Everybody’s wearing a disguise
To hide what they’ve got left behind their eyes
But me, I can’t cover what I am
Wherever the children go I’ll follow them
(Bob Dylan, Abandoned Love)
Tak lama berselang, perampok yang sesungguhnya datang mengenakan topeng ski. Perampok itu tertawa terbahak-bahak menyaksikan pemandangan di depannya. “Ha ha ha … kamu benar-benar telah membuat pekerjaanku jauh lebih mudah… kwek kwekk…” Ia melangkah mendekati si perempuan yang tersentak kaget karena tak menyangka akan didatangi perampok beneran. Untunglah, perampok itu tak tergiur melihat tubuh si perempuan yang tak berdaya. Ia memilih mengambil perhiasan dan barang-barang yang diinginkan, kemudian melangkah pergi. Perempuan itu menarik nafas lega. Namun sial, sesaat sebelum melangkahkan kakinya keluar rumah, perampok itu, didorong rasa lucu melihat tingkah si perempuan, yang membelenggu dan membekap dirinya sendiri, membalikkan tubuh mendekatinya. Tentu saja dada wanita itu kembali berdebar kencang. Ia takut si perampok tergiur melihat ketakberdayaannya. Setelah berhadapan, si perampok berjongkok, menundukkan kepalanya hingga hidungnya bersentuhan dengan hidung si wanita lalu, tanpa diduga-duga, ia tertawa terbahak-bahak: “HAHAHAHA…” dengan mulut yang terbuka lebar dan suara yang sangat keras. Kontan, jutaan macam bau yang membusuk dalam mulut si perampok serabutan berhamburan terhirup hidung si wanita.

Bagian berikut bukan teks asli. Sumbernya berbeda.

definition del_edge :: "('a \<times> 'a) set \<Rightarrow> 'a \<Rightarrow> 'a \<Rightarrow> ('a \<times> 'a) set" where
  "del_edge E x y = E - {(x, y), (y, x)}"

definition interval_graph :: "'a set \<Rightarrow> ('a \<times> 'a) set \<Rightarrow> bool" where
  "interval_graph V E \<longleftrightarrow> simple_graph V E \<and>
     (\<exists>a b :: 'a \<Rightarrow> real. (\<forall>v\<in>V. a v \<le> b v) \<and>
        (\<forall>u\<in>V. \<forall>v\<in>V. u \<noteq> v \<longrightarrow> ((u, v) \<in> E \<longleftrightarrow> {a u..b u} \<inter> {a v..b v} \<noteq> {})))"

definition interval_edge :: "'a set \<Rightarrow> ('a \<times> 'a) set \<Rightarrow> 'a \<Rightarrow> 'a \<Rightarrow> bool" where
  "interval_edge V E x y \<longleftrightarrow> (x, y) \<in> E \<and> interval_graph V (del_edge E x y)"

definition is_clique :: "'a set \<Rightarrow> ('a \<times> 'a) set \<Rightarrow> 'a set \<Rightarrow> bool" where
  "is_clique V E C \<longleftrightarrow> C \<subseteq> V \<and> (\<forall>u\<in>C. \<forall>v\<in>C. u \<noteq> v \<longrightarrow> (u, v) \<in> E)"

definition max_cliques :: "'a set \<Rightarrow> ('a \<times> 'a) set \<Rightarrow> 'a set set" where
  "max_cliques V E = {C. is_clique V E C \<and> (\<forall>D. is_clique V E D \<and> C \<subseteq> D \<longrightarrow> D = C)}"

definition consecutive_orders :: "'a set \<Rightarrow> ('a \<times> 'a) set \<Rightarrow> 'a set list set" where
  "consecutive_orders V E = {L. distinct L \<and> set L = max_cliques V E \<and>
      (\<forall>v i j k. i \<le> j \<and> j \<le> k \<and> k < length L \<and> v \<in> L ! i \<and> v \<in> L ! k \<longrightarrow> v \<in> L ! j)}"

(* A Q-node carries its positions in order: position i has the section S_i and the
   child subtree T_i, which may be empty (None). *)
datatype 'a mpq = PNode "'a set" "'a mpq list" | QNode "('a set \<times> 'a mpq option) list"

fun own :: "'a mpq \<Rightarrow> 'a set" where
  "own (PNode S ts) = S"
| "own (QNode ps) = (\<Union>p\<in>set ps. fst p)"

inductive subtree_at :: "'a mpq \<Rightarrow> nat list \<Rightarrow> 'a mpq \<Rightarrow> bool" where
  at_root: "subtree_at T [] T"
| at_P: "i < length ts \<Longrightarrow> subtree_at (ts ! i) p T' \<Longrightarrow> subtree_at (PNode S ts) (i # p) T'"
| at_Q: "i < length ps \<Longrightarrow> snd (ps ! i) = Some t \<Longrightarrow> subtree_at t p T' \<Longrightarrow> subtree_at (QNode ps) (i # p) T'"

definition verts :: "'a mpq \<Rightarrow> 'a set" where
  "verts T = (\<Union>{own T' | T' p. subtree_at T p T'})"

definition verts_opt :: "'a mpq option \<Rightarrow> 'a set" where
  "verts_opt t = (case t of None \<Rightarrow> {} | Some T \<Rightarrow> verts T)"

fun cliques :: "'a mpq \<Rightarrow> 'a set list" where
  "cliques (PNode S ts) = (if ts = [] then [S] else map ((\<union>) S) (concat (map cliques ts)))"
| "cliques (QNode ps) = concat (map (\<lambda>p. case snd p of None \<Rightarrow> [fst p]
                                      | Some t \<Rightarrow> map ((\<union>) (fst p)) (cliques t)) ps)"

inductive requiv :: "'a mpq \<Rightarrow> 'a mpq \<Rightarrow> bool" where
  req_P: "list_all2 requiv ts us \<Longrightarrow> mset vs = mset us \<Longrightarrow> requiv (PNode S ts) (PNode S vs)"
| req_Q: "list_all2 (\<lambda>p q. fst p = fst q \<and> rel_option requiv (snd p) (snd q)) ps qs
          \<Longrightarrow> requiv (QNode ps) (QNode qs)"
| req_Qrev: "list_all2 (\<lambda>p q. fst p = fst q \<and> rel_option requiv (snd p) (snd q)) ps qs
          \<Longrightarrow> requiv (QNode ps) (QNode (rev qs))"

(* Local conditions at a Q-node with positions ps (0-indexed: S_i = fst (ps ! i),
   V_i = verts_opt (snd (ps ! i))). *)
definition q_node_ok :: "('a set \<times> 'a mpq option) list \<Rightarrow> bool" where
  "q_node_ok ps \<longleftrightarrow> (let k = length ps; S = (\<lambda>i. fst (ps ! i)); Vi = (\<lambda>i. verts_opt (snd (ps ! i))) in
     k \<ge> 3 \<and>
     (\<forall>v\<in>own (QNode ps). \<exists>l r. l < r \<and> r < k \<and> {i. i < k \<and> v \<in> S i} = {l..r}) \<and>
     Vi 0 \<noteq> {} \<and> Vi (k - 1) \<noteq> {} \<and>
     S 0 \<subseteq> S 1 \<and> S (k - 1) \<subseteq> S (k - 2) \<and>
     (\<forall>i. 1 \<le> i \<and> i < k \<longrightarrow> S (i - 1) \<inter> S i \<noteq> {}) \<and>
     (\<forall>i. 1 \<le> i \<and> i < k \<longrightarrow> S (i - 1) \<noteq> S i) \<and>
     (\<forall>i. 1 \<le> i \<and> i < k - 1 \<longrightarrow> (S i \<inter> S (i + 1)) - S 0 \<noteq> {} \<and> (S (i - 1) \<inter> S i) - S (k - 1) \<noteq> {}) \<and>
     (\<forall>i. 1 \<le> i \<and> i < k \<longrightarrow> (S (i - 1) \<union> Vi (i - 1)) - S i \<noteq> {} \<and> (S i \<union> Vi i) - S (i - 1) \<noteq> {}))"

(* Local conditions at a P-node: (g), (h); (i) holds by construction of the datatype *)
definition p_node_ok :: "'a set \<Rightarrow> 'a mpq list \<Rightarrow> bool" where
  "p_node_ok S ts \<longleftrightarrow>
     (S = {} \<longrightarrow> (\<forall>t\<in>set ts. \<forall>ts'. t \<noteq> PNode {} ts')) \<and>
     \<not> (length ts = 1 \<and> (\<exists>S' ts'. ts ! 0 = PNode S' ts'))"

definition mpq_tree :: "'a set \<Rightarrow> ('a \<times> 'a) set \<Rightarrow> 'a mpq \<Rightarrow> bool" where
  "mpq_tree V E T \<longleftrightarrow>
     \<comment> \<open>every vertex is assigned to exactly one node\<close>
     verts T = V \<and>
     (\<forall>p q T1 T2. subtree_at T p T1 \<and> subtree_at T q T2 \<and> p \<noteq> q \<longrightarrow> own T1 \<inter> own T2 = {}) \<and>
     \<comment> \<open>maximal cliques in bijection with the root-to-leaf paths\<close>
     distinct (cliques T) \<and> set (cliques T) = max_cliques V E \<and>
     \<comment> \<open>the orders obtained by reorderings are exactly the consecutive clique orders\<close>
     {cliques T' | T'. requiv T T'} = consecutive_orders V E \<and>
     \<comment> \<open>structural conditions\<close>
     (\<forall>p ps. subtree_at T p (QNode ps) \<longrightarrow> q_node_ok ps) \<and>
     (\<forall>p S ts. subtree_at T p (PNode S ts) \<longrightarrow> p_node_ok S ts)"

end

theory Submission
  imports Defs
begin

(*
  The edge (x, y) is not an interval edge as soon as there are vertices u and w, each adjacent
  to both x and y, but not to each other: then x u y w is an induced 4-cycle of G - (x, y), and
  no interval graph contains one.

  The tree supplies u and w. In case (2) they are two non-adjacent vertices of V_i; each lies in
  a maximal clique together with S_i, which contains x and y. In case (1) the sections containing
  x and y form an interval, so x and y share two consecutive sections S_a, S_(a+1). Condition (f)
  gives u in (S_a \<union> V_a) - S_(a+1) and w in (S_(a+1) \<union> V_(a+1)) - S_a. A maximal clique meets
  the vertices of the Q-node subtree within a single position S_j \<union> V_j; containing u forces
  j \<le> a and containing w forces j \<ge> a + 1, so u and w are not adjacent.
*)

lemma subtree_at_trans:
  "subtree_at T p R \<Longrightarrow> subtree_at R q U \<Longrightarrow> subtree_at T (p @ q) U"
  by (induction rule: subtree_at.induct) (auto intro: subtree_at.intros)

lemma mem_verts_iff: "v \<in> verts T \<longleftrightarrow> (\<exists>p R. subtree_at T p R \<and> v \<in> own R)"
  unfolding verts_def by blast

lemma own_subset_verts: "own T \<subseteq> verts T"
  unfolding verts_def using subtree_at.at_root by blast

lemma verts_subtree_at_subset:
  assumes "subtree_at T p R"
  shows "verts R \<subseteq> verts T"
proof
  fix v assume "v \<in> verts R"
  then obtain q U where "subtree_at R q U" "v \<in> own U"
    unfolding mem_verts_iff by blast
  then show "v \<in> verts T"
    using subtree_at_trans[OF assms] mem_verts_iff by metis
qed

Usai tertawa, perampok itu ngeloyor pergi membawa barang curian. Di waktu yang sama, perempuan itu disiksa himpunan bau busuk kotoran yang terbang dari mulut si perampok. Seluruh isi perutnya diaduk dan naik ke mulut. Sayang, ia tak bisa memuntahkan isi perutnya karena mulutnya dibekap lakban. Ia tak dapat menggerakkan tangan untuk melepaskan diri karena kedua tangannya terborgol ke kursi. Akibatnya benar-benar tragis, saluran nafas dan paru-parunya dipenuhi muntahan isi perutnya yang tak bisa dikeluarkan. Saat si suami datang, ia tersentak mendapati istrinya mati terkapar karena jalan nafasnya tersumbat.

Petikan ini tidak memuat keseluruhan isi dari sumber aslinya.